Supplied records Start Marker
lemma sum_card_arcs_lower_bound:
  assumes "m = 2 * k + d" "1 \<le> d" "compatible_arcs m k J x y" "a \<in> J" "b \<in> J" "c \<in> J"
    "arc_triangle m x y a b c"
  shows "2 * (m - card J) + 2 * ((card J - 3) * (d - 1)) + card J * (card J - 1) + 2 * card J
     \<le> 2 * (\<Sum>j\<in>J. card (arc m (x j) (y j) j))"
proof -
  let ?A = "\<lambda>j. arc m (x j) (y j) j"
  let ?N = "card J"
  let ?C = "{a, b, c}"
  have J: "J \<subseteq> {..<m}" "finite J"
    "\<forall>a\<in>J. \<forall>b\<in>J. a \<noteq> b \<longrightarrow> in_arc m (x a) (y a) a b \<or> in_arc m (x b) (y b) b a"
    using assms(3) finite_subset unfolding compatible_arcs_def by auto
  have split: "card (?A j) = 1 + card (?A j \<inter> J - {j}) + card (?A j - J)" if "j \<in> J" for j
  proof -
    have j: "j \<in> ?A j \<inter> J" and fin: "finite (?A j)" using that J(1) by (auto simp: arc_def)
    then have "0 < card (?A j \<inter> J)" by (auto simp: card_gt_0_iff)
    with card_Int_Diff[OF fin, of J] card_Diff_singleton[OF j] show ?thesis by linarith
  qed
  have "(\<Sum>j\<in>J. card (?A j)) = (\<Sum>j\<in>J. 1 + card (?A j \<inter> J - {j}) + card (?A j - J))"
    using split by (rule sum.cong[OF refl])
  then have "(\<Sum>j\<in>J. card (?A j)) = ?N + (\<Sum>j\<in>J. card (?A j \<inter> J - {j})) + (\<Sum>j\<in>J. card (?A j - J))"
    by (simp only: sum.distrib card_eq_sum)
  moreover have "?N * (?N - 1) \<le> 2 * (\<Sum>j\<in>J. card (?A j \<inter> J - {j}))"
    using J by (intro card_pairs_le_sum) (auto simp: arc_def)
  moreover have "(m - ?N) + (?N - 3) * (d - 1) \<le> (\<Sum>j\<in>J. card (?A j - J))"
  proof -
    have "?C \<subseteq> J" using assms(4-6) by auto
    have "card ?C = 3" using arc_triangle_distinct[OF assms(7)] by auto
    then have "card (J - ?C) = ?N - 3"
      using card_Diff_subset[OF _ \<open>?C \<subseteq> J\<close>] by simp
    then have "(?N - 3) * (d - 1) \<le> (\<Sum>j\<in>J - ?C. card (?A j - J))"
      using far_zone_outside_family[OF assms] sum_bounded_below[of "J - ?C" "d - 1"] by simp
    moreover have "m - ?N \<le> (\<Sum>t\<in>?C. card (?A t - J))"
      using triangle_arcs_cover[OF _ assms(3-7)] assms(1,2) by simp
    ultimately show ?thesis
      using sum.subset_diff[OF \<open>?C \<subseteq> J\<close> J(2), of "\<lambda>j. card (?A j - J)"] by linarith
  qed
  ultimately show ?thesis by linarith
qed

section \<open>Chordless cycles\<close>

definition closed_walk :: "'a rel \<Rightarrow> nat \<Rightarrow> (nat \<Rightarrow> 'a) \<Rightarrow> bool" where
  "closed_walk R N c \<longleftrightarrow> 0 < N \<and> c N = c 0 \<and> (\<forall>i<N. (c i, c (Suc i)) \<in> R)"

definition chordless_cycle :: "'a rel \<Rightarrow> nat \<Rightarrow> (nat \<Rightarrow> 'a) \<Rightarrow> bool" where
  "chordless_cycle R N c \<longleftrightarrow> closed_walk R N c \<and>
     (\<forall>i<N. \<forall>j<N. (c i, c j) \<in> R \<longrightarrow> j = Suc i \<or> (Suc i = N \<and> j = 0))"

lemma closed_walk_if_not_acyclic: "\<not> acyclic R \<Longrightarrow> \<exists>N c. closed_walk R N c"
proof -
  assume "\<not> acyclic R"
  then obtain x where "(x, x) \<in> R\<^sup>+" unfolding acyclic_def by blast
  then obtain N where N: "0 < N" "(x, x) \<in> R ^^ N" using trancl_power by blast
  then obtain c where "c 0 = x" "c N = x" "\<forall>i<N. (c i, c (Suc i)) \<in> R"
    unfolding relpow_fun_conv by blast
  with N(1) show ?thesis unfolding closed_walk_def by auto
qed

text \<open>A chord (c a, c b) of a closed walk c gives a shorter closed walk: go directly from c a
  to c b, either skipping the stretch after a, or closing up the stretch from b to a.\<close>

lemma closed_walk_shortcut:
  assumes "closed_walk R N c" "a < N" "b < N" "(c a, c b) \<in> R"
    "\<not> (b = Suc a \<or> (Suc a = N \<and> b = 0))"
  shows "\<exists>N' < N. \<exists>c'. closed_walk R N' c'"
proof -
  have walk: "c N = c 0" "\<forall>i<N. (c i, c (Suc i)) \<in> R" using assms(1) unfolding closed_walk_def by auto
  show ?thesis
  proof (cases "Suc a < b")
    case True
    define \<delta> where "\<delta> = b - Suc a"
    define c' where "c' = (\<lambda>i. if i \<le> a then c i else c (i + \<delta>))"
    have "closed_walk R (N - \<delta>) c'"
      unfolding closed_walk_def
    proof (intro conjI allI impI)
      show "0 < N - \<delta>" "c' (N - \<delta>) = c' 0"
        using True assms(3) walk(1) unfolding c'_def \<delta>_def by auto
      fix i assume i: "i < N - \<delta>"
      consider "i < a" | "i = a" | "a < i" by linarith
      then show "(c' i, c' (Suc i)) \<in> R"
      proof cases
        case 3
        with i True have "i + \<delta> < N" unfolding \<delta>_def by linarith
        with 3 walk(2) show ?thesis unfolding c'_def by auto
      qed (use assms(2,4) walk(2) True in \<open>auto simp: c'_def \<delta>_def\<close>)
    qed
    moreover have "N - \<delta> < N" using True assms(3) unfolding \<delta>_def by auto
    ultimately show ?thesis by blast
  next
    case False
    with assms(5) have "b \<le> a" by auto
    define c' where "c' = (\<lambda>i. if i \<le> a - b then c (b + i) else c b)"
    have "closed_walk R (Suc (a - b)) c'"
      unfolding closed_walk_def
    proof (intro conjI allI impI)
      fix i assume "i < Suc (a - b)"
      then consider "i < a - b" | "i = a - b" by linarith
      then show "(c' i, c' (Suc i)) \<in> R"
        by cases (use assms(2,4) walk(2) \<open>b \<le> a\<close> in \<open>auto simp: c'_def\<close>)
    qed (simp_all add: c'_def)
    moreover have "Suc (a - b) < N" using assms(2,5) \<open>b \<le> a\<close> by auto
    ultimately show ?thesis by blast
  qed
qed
Supplied records End Marker
Supplied records Start Marker
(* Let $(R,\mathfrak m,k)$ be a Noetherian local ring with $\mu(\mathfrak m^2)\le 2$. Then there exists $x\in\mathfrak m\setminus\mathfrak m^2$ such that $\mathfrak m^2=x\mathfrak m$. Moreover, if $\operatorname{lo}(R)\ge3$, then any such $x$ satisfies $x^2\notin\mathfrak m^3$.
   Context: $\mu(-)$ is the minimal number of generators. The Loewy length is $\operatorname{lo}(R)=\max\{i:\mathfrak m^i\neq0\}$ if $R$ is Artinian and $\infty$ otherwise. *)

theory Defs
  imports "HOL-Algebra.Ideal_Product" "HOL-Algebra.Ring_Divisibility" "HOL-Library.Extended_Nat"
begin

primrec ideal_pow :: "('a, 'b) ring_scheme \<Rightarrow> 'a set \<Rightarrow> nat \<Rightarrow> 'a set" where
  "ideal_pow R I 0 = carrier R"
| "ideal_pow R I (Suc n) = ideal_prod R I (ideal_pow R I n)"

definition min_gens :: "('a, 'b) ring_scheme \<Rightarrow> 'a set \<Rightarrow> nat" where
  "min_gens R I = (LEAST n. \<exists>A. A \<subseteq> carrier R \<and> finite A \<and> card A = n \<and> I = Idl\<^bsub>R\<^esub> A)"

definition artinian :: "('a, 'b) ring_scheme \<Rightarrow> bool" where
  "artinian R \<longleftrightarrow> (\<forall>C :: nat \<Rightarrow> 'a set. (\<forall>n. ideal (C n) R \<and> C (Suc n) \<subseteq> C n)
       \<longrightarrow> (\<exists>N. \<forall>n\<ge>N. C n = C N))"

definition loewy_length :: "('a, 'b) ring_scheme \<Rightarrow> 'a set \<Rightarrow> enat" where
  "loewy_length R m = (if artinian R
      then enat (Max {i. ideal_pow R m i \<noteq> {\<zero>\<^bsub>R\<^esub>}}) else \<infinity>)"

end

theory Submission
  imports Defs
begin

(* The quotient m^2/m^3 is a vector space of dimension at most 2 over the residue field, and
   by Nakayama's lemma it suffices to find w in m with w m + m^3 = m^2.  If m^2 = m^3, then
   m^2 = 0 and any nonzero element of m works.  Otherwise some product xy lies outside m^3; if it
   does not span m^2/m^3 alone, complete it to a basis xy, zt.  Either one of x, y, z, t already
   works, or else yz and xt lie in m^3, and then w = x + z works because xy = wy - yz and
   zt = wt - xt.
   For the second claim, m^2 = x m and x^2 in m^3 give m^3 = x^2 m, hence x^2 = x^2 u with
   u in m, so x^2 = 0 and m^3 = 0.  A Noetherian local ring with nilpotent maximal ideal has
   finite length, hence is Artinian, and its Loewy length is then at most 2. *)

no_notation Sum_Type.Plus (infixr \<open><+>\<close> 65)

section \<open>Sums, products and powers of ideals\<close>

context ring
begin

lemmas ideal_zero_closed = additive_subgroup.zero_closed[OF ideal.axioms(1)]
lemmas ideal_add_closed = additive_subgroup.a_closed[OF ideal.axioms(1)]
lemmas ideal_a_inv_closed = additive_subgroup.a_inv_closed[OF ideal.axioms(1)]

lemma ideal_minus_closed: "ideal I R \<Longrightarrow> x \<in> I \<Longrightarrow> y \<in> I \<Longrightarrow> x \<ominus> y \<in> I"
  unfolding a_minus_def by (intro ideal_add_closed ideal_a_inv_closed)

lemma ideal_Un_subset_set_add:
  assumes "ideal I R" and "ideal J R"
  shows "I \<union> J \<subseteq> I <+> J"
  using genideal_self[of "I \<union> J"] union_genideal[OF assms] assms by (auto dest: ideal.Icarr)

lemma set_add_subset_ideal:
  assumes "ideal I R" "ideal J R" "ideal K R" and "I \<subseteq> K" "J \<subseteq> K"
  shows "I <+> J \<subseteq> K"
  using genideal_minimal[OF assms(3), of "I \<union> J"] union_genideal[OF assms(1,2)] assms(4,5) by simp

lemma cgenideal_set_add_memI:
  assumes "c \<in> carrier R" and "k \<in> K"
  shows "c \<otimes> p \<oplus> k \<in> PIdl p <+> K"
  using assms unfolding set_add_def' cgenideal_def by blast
Supplied records End Marker
Supplied records Start Marker
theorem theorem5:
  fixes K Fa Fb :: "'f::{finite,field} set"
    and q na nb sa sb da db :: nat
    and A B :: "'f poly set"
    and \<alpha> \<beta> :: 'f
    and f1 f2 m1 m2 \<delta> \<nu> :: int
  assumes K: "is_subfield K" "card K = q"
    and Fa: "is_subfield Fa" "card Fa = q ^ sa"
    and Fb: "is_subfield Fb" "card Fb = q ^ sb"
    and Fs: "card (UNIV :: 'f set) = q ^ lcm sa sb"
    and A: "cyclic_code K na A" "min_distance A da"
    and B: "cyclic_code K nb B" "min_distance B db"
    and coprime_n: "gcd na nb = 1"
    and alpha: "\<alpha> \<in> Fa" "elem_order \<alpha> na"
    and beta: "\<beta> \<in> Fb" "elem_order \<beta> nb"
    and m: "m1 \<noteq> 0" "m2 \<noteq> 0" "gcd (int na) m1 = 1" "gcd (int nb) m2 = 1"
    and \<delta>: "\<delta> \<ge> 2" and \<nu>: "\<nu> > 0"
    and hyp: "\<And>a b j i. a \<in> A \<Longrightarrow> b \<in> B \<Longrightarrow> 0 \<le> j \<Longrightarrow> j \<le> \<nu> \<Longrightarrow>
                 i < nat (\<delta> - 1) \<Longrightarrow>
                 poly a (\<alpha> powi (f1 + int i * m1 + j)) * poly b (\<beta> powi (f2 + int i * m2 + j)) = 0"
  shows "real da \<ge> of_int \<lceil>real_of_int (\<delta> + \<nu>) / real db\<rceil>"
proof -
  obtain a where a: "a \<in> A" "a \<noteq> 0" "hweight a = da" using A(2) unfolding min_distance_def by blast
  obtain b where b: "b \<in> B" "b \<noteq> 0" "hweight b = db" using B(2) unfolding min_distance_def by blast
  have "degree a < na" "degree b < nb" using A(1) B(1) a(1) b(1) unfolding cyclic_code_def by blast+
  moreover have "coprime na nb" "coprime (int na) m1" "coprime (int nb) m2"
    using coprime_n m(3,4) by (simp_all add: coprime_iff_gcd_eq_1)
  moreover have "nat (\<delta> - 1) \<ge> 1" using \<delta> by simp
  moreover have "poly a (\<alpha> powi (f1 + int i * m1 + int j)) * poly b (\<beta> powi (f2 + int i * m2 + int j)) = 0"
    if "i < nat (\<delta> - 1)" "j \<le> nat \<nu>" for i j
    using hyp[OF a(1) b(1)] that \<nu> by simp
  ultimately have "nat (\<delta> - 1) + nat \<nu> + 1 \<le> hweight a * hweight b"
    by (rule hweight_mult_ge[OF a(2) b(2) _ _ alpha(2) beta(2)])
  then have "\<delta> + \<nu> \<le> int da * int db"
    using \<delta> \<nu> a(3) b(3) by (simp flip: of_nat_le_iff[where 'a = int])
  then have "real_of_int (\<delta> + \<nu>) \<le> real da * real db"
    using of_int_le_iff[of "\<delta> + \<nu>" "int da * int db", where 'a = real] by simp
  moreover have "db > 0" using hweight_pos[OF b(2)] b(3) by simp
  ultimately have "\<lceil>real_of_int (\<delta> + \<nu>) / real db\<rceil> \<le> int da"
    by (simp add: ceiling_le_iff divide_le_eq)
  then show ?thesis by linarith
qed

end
Supplied records End Marker
**Problem:** Please copy each line of the entries in which the word "define" shows up.

**Response for this exercise:**
    define \<delta> where "\<delta> = b - Suc a"
    define c' where "c' = (\<lambda>i. if i \<le> a then c i else c (i + \<delta>))"
    define c' where "c' = (\<lambda>i. if i \<le> a - b then c (b + i) else c b)"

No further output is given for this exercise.